Records for this task ->
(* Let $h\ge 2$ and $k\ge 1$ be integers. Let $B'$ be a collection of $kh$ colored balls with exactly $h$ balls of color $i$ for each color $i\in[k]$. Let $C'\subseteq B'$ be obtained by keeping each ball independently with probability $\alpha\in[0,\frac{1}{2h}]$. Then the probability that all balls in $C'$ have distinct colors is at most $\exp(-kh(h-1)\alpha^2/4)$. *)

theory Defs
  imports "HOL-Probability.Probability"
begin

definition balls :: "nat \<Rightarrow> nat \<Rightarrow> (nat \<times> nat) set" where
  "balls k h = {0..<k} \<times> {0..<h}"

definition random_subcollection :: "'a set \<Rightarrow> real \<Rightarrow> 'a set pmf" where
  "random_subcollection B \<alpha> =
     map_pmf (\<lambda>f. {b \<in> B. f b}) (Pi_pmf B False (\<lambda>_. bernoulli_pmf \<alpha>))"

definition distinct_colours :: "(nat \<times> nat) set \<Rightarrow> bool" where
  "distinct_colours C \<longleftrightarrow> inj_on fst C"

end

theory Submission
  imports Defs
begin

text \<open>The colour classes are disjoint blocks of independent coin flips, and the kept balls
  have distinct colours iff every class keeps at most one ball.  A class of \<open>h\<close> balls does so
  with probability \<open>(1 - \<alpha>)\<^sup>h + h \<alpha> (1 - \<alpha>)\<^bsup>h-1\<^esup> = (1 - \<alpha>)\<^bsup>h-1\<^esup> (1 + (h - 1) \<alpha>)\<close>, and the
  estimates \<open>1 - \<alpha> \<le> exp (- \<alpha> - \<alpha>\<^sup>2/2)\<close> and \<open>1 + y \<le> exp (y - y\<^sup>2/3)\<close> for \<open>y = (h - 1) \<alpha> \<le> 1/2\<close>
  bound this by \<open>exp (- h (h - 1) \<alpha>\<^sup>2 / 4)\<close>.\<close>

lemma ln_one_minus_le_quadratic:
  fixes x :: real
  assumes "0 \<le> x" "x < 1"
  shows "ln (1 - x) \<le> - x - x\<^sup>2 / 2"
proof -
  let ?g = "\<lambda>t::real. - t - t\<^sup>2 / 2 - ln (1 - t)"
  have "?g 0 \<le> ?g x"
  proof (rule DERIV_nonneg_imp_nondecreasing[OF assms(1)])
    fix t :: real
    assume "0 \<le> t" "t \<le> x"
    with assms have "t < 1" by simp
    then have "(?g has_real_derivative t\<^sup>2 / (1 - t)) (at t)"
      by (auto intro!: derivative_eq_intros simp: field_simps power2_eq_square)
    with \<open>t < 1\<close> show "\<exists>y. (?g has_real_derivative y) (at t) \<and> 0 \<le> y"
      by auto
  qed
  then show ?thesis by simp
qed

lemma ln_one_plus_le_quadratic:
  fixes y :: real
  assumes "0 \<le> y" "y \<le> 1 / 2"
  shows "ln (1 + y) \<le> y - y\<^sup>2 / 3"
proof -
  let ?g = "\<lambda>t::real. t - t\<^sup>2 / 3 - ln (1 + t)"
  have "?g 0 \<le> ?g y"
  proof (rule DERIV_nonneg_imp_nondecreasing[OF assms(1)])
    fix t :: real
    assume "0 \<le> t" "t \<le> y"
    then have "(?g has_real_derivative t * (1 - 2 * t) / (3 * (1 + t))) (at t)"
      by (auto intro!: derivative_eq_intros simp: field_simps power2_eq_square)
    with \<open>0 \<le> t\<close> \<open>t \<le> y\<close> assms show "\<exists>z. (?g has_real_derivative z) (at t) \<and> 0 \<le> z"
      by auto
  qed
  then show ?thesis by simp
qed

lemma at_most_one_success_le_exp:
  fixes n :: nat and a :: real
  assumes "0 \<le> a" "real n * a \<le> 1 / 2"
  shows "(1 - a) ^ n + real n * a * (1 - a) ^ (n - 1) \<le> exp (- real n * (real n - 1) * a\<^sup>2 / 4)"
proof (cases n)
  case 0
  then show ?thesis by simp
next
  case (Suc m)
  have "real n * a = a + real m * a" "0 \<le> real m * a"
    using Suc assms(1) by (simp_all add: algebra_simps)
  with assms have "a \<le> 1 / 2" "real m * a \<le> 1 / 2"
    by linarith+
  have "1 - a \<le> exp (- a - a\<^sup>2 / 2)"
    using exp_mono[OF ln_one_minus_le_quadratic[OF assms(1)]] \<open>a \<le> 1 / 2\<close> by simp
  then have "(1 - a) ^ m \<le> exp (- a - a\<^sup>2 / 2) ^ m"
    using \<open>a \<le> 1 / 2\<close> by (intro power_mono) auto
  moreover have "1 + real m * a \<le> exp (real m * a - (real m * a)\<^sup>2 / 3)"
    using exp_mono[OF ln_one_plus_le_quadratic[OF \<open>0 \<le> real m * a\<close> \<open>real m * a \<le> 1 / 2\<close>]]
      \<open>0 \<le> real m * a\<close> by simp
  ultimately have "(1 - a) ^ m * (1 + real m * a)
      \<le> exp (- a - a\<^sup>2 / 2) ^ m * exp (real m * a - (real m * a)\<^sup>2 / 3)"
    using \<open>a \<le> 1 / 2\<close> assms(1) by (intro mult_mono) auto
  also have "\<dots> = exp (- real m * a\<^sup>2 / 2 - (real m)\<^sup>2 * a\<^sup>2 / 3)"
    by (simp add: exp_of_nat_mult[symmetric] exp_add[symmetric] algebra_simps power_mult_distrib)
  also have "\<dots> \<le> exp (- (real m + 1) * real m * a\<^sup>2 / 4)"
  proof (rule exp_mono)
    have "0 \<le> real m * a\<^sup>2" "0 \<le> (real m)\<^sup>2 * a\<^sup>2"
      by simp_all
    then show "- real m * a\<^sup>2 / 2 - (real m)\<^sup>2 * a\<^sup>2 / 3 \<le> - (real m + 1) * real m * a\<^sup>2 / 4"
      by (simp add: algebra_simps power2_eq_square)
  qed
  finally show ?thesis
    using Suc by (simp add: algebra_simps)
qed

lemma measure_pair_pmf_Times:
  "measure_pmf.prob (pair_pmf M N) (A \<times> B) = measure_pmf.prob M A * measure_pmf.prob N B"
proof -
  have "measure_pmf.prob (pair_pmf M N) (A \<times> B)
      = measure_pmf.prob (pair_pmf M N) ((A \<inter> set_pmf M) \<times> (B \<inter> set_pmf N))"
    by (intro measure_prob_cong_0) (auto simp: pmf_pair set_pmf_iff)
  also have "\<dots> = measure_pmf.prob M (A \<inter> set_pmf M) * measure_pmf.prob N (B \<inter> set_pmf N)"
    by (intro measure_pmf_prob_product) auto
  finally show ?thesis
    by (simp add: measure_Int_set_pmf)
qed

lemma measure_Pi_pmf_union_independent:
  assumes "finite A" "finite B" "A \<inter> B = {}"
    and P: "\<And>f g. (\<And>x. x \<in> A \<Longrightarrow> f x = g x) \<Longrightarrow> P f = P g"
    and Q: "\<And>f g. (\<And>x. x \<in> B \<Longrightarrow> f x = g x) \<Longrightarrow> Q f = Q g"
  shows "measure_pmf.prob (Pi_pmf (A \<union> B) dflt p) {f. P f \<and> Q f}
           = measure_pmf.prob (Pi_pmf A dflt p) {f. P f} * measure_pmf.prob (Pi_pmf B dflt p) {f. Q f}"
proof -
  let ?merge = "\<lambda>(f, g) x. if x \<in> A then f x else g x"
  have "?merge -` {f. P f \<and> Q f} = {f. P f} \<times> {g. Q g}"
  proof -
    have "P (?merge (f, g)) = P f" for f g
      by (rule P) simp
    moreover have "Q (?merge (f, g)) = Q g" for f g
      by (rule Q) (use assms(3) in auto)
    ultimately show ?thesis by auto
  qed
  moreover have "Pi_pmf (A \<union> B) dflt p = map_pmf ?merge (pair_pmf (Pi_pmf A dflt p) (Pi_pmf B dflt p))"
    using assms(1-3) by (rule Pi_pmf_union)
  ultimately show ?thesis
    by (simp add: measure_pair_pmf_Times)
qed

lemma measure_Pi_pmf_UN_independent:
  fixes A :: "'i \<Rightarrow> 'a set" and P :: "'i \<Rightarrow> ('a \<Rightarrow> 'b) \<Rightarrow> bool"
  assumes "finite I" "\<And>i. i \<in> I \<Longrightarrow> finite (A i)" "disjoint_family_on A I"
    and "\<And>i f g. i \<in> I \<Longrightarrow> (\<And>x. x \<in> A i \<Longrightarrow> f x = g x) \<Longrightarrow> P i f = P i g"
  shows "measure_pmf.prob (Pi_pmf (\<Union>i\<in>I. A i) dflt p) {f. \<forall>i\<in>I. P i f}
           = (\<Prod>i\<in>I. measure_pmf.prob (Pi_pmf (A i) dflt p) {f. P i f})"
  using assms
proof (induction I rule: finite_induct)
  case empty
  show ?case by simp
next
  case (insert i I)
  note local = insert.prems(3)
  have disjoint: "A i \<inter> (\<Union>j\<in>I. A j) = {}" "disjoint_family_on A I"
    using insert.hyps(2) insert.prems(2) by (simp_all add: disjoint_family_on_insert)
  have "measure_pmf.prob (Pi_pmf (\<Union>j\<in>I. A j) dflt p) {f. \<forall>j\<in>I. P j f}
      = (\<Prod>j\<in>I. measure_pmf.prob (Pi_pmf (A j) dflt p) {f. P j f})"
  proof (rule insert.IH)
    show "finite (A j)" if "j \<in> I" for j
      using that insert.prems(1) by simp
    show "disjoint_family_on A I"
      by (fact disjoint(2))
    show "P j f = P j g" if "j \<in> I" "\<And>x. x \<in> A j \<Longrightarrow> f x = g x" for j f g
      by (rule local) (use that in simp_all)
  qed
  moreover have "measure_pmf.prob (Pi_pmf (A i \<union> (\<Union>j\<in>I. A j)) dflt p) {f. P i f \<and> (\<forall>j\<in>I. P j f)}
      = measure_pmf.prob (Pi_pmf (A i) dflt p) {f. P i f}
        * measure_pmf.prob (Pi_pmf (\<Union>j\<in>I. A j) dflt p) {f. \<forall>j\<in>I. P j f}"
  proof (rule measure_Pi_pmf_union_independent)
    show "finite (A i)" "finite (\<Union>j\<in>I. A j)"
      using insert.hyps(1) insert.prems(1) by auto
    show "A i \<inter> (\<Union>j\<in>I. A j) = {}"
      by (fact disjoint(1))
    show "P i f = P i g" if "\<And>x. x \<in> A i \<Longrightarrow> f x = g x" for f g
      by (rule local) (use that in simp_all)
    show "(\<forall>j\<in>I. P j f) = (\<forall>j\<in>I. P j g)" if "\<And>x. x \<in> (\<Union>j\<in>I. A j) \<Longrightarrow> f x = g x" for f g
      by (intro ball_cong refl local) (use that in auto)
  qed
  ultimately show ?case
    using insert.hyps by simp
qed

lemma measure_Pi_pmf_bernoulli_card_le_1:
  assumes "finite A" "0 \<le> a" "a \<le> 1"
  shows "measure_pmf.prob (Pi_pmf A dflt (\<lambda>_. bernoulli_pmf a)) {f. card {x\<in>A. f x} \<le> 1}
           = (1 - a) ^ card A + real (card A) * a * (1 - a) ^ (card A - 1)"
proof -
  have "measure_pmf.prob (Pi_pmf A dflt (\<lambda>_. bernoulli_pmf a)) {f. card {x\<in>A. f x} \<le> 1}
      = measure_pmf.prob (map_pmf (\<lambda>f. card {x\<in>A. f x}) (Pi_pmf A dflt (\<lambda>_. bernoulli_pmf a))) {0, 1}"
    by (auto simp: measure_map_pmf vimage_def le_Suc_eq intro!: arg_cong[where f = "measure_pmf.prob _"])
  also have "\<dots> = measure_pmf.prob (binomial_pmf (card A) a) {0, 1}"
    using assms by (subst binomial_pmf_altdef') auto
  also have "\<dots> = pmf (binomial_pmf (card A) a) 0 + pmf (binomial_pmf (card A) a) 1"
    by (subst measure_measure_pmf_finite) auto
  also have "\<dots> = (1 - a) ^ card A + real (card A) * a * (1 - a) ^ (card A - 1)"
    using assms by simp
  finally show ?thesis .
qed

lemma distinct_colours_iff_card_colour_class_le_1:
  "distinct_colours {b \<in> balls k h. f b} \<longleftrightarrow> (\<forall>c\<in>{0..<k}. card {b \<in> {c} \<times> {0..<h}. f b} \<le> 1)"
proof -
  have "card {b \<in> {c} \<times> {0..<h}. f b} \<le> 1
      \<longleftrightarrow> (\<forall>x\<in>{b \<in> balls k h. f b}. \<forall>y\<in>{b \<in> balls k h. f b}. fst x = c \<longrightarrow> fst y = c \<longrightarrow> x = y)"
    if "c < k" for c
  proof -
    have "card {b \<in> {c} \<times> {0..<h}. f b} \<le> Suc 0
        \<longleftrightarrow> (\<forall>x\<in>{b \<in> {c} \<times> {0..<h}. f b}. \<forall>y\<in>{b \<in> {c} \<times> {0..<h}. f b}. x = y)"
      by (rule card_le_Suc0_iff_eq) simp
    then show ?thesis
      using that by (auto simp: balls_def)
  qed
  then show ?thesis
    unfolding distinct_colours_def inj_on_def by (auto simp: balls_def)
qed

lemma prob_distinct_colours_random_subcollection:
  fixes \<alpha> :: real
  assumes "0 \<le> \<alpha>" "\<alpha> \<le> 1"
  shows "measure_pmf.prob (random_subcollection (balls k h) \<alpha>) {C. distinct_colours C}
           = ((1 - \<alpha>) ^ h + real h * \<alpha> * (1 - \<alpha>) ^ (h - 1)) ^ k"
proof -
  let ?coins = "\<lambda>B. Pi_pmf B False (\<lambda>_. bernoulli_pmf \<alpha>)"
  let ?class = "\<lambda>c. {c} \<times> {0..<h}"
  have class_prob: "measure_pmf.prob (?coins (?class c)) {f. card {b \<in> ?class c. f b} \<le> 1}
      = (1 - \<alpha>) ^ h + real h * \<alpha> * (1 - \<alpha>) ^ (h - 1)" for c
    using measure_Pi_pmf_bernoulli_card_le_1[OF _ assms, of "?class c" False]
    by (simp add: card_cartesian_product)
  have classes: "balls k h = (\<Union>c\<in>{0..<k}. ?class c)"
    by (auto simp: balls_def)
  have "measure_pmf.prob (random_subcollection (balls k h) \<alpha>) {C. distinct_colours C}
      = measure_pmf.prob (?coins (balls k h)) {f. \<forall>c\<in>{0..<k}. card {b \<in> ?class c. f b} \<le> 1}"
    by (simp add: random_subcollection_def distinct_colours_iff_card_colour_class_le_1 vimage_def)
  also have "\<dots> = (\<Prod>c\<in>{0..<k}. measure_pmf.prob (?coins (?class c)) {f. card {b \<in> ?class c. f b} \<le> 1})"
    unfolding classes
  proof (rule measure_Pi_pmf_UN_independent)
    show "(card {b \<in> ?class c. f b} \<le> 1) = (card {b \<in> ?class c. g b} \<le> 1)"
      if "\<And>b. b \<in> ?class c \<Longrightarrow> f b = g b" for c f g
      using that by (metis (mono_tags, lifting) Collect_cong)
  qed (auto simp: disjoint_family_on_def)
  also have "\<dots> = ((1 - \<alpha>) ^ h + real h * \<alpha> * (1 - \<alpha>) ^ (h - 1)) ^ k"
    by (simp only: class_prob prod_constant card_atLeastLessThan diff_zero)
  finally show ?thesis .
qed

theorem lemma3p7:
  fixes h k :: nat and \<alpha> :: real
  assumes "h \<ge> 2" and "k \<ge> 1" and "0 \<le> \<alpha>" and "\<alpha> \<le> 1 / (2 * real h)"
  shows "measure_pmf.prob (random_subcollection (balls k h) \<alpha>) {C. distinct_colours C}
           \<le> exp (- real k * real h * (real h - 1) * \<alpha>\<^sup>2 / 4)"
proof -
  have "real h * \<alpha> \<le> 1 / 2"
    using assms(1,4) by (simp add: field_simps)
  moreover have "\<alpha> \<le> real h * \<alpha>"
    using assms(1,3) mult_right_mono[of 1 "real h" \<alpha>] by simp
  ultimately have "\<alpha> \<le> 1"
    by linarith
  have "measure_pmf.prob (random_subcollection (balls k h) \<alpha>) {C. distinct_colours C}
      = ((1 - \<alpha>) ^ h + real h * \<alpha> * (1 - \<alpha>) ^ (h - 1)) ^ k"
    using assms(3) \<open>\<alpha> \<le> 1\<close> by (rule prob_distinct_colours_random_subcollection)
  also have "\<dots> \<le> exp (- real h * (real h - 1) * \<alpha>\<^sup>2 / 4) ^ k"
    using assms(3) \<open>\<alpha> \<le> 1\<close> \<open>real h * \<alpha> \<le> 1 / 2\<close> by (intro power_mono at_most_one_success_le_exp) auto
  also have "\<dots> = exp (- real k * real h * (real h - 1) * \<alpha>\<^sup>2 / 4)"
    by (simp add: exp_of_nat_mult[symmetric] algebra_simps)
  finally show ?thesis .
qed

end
...
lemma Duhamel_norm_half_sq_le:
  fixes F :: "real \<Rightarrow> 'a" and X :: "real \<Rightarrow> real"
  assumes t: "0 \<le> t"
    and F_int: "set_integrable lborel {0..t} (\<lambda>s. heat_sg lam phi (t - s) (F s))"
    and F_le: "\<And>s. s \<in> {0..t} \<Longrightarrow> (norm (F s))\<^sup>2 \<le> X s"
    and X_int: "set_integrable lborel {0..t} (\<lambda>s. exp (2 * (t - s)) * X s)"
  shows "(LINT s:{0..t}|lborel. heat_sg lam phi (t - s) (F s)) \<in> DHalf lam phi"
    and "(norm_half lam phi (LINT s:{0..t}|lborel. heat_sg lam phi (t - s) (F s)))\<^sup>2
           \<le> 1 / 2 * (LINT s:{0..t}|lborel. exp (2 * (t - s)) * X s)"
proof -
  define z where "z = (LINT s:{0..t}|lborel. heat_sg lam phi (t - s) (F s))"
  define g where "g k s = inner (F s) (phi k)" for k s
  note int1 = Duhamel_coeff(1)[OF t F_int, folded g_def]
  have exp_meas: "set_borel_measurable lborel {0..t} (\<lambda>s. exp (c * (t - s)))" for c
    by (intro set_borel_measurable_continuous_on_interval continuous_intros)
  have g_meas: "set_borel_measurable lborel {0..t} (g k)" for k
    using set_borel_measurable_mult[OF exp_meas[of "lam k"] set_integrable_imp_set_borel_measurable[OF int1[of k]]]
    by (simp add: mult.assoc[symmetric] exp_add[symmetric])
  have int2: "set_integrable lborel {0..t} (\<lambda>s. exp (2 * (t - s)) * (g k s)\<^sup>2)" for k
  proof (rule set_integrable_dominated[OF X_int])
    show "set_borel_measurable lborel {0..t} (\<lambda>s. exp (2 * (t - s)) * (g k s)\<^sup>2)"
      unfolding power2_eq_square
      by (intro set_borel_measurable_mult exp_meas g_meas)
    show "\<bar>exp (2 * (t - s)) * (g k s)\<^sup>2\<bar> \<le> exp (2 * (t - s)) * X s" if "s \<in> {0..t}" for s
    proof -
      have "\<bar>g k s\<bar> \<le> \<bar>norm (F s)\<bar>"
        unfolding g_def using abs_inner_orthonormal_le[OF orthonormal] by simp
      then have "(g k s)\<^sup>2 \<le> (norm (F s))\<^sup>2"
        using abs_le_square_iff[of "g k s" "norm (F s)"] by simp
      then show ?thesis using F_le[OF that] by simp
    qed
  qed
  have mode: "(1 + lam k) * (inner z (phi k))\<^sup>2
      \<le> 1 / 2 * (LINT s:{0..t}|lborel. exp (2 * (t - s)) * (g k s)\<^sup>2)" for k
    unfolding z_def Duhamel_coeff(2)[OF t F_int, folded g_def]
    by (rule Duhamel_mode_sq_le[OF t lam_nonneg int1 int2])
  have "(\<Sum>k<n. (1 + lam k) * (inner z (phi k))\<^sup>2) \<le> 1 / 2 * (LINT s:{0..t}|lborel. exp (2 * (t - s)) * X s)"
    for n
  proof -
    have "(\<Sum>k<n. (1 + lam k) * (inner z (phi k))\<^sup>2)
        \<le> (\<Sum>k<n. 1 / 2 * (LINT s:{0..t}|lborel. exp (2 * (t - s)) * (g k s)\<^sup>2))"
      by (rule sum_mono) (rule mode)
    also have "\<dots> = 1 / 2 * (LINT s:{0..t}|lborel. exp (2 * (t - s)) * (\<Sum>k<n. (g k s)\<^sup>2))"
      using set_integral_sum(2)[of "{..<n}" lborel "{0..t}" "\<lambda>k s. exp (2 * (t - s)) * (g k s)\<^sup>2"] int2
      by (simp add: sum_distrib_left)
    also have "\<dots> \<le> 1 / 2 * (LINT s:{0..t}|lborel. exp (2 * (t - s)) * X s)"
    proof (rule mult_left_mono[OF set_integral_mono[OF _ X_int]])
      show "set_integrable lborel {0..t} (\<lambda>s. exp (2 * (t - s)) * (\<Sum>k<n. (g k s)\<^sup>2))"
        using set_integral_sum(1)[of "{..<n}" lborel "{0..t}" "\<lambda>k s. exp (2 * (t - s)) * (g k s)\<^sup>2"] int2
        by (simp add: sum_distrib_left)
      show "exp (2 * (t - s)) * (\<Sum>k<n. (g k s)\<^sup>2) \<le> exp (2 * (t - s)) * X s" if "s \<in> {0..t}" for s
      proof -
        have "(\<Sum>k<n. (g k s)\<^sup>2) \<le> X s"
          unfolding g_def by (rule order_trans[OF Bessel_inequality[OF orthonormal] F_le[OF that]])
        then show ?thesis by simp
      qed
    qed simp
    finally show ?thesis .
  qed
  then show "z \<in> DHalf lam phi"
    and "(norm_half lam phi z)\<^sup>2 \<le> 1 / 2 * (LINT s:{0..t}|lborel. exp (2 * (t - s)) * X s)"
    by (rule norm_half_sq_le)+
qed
* * *
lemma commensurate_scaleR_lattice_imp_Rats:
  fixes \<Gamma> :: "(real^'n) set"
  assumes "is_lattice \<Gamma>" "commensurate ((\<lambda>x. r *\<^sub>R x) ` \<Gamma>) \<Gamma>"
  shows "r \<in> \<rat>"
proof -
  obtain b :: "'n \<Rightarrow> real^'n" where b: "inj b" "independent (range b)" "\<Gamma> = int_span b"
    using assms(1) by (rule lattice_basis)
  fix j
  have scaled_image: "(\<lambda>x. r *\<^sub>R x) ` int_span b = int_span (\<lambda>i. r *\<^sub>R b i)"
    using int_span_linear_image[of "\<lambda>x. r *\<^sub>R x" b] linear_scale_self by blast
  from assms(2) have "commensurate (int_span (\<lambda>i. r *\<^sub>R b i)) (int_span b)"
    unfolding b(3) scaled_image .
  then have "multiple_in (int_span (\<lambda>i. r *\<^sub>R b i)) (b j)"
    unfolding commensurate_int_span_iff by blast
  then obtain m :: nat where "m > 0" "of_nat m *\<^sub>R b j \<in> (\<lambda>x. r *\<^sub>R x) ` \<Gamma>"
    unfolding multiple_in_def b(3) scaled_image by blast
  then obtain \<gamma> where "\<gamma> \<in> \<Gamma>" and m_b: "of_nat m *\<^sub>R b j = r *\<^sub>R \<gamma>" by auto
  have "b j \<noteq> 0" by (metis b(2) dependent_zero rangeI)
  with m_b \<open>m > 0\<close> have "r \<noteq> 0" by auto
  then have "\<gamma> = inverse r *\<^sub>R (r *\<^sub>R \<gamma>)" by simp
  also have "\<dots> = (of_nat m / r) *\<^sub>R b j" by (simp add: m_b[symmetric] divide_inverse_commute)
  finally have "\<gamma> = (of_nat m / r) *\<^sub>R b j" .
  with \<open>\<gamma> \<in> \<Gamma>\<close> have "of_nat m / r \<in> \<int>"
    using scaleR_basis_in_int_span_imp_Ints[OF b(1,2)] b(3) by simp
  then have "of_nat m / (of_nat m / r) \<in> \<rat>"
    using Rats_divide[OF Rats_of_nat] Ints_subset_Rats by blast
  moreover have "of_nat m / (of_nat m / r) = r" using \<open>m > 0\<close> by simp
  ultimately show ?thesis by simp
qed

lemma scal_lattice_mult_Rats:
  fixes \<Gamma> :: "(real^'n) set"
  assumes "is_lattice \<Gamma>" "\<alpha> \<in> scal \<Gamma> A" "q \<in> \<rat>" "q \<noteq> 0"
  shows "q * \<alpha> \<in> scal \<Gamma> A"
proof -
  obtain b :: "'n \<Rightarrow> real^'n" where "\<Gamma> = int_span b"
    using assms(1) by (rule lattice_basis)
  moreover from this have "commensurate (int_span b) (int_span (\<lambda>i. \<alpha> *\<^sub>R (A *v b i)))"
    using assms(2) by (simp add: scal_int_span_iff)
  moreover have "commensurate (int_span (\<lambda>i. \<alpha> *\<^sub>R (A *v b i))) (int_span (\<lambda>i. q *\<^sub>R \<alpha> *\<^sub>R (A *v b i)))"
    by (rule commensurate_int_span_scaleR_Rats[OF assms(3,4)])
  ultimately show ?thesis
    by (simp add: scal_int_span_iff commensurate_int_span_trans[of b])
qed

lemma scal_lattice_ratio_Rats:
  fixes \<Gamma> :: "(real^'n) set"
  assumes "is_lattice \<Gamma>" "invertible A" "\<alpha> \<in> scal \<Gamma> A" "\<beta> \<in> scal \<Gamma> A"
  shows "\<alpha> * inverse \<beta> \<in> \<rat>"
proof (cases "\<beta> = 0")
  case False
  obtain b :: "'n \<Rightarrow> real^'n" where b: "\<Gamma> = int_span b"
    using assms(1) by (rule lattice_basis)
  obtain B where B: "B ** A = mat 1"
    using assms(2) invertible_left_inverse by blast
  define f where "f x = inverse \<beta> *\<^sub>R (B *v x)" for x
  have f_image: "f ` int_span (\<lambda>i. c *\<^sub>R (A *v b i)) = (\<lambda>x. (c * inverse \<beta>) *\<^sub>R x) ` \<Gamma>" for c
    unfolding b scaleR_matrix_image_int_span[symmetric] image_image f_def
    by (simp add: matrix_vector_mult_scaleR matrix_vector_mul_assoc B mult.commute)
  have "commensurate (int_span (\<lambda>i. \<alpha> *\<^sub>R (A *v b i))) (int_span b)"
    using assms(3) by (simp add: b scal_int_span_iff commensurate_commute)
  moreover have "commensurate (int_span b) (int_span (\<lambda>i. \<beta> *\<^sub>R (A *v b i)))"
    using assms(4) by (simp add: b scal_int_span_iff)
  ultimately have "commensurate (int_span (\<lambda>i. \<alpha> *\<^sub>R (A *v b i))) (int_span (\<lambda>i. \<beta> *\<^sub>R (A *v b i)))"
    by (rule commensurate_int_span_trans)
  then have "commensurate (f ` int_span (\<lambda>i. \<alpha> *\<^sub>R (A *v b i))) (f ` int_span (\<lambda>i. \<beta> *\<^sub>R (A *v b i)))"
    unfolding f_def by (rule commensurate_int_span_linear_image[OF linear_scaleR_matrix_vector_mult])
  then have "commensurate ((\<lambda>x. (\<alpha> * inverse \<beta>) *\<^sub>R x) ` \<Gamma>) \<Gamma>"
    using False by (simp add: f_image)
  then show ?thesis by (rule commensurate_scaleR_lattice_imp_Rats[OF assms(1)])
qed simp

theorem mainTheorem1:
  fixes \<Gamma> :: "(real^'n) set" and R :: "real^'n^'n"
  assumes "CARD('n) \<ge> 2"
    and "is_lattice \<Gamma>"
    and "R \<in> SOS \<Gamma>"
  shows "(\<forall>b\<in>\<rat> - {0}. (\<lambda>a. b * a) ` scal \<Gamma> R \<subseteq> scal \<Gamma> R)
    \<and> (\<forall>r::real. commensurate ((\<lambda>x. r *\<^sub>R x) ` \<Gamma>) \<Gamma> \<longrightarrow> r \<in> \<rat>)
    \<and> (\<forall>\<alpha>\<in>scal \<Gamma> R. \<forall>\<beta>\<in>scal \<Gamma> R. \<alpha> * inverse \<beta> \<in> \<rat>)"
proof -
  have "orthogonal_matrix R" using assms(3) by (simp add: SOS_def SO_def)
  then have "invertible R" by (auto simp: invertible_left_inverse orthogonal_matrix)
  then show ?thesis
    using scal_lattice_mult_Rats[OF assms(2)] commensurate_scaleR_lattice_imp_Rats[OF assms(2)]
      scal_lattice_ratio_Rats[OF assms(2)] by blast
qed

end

Task brief ->
Please give again the lines above between the line holding "(* Let $h\ge" and the line holding "theory Defs", inclusive, exactly as they are and with nothing added.

Result of this exercise ->
(* Let $h\ge 2$ and $k\ge 1$ be integers. Let $B'$ be a collection of $kh$ colored balls with exactly $h$ balls of color $i$ for each color $i\in[k]$. Let $C'\subseteq B'$ be obtained by keeping each ball independently with probability $\alpha\in[0,\frac{1}{2h}]$. Then the probability that all balls in $C'$ have distinct colors is at most $\exp(-kh(h-1)\alpha^2/4)$. *)

theory Defs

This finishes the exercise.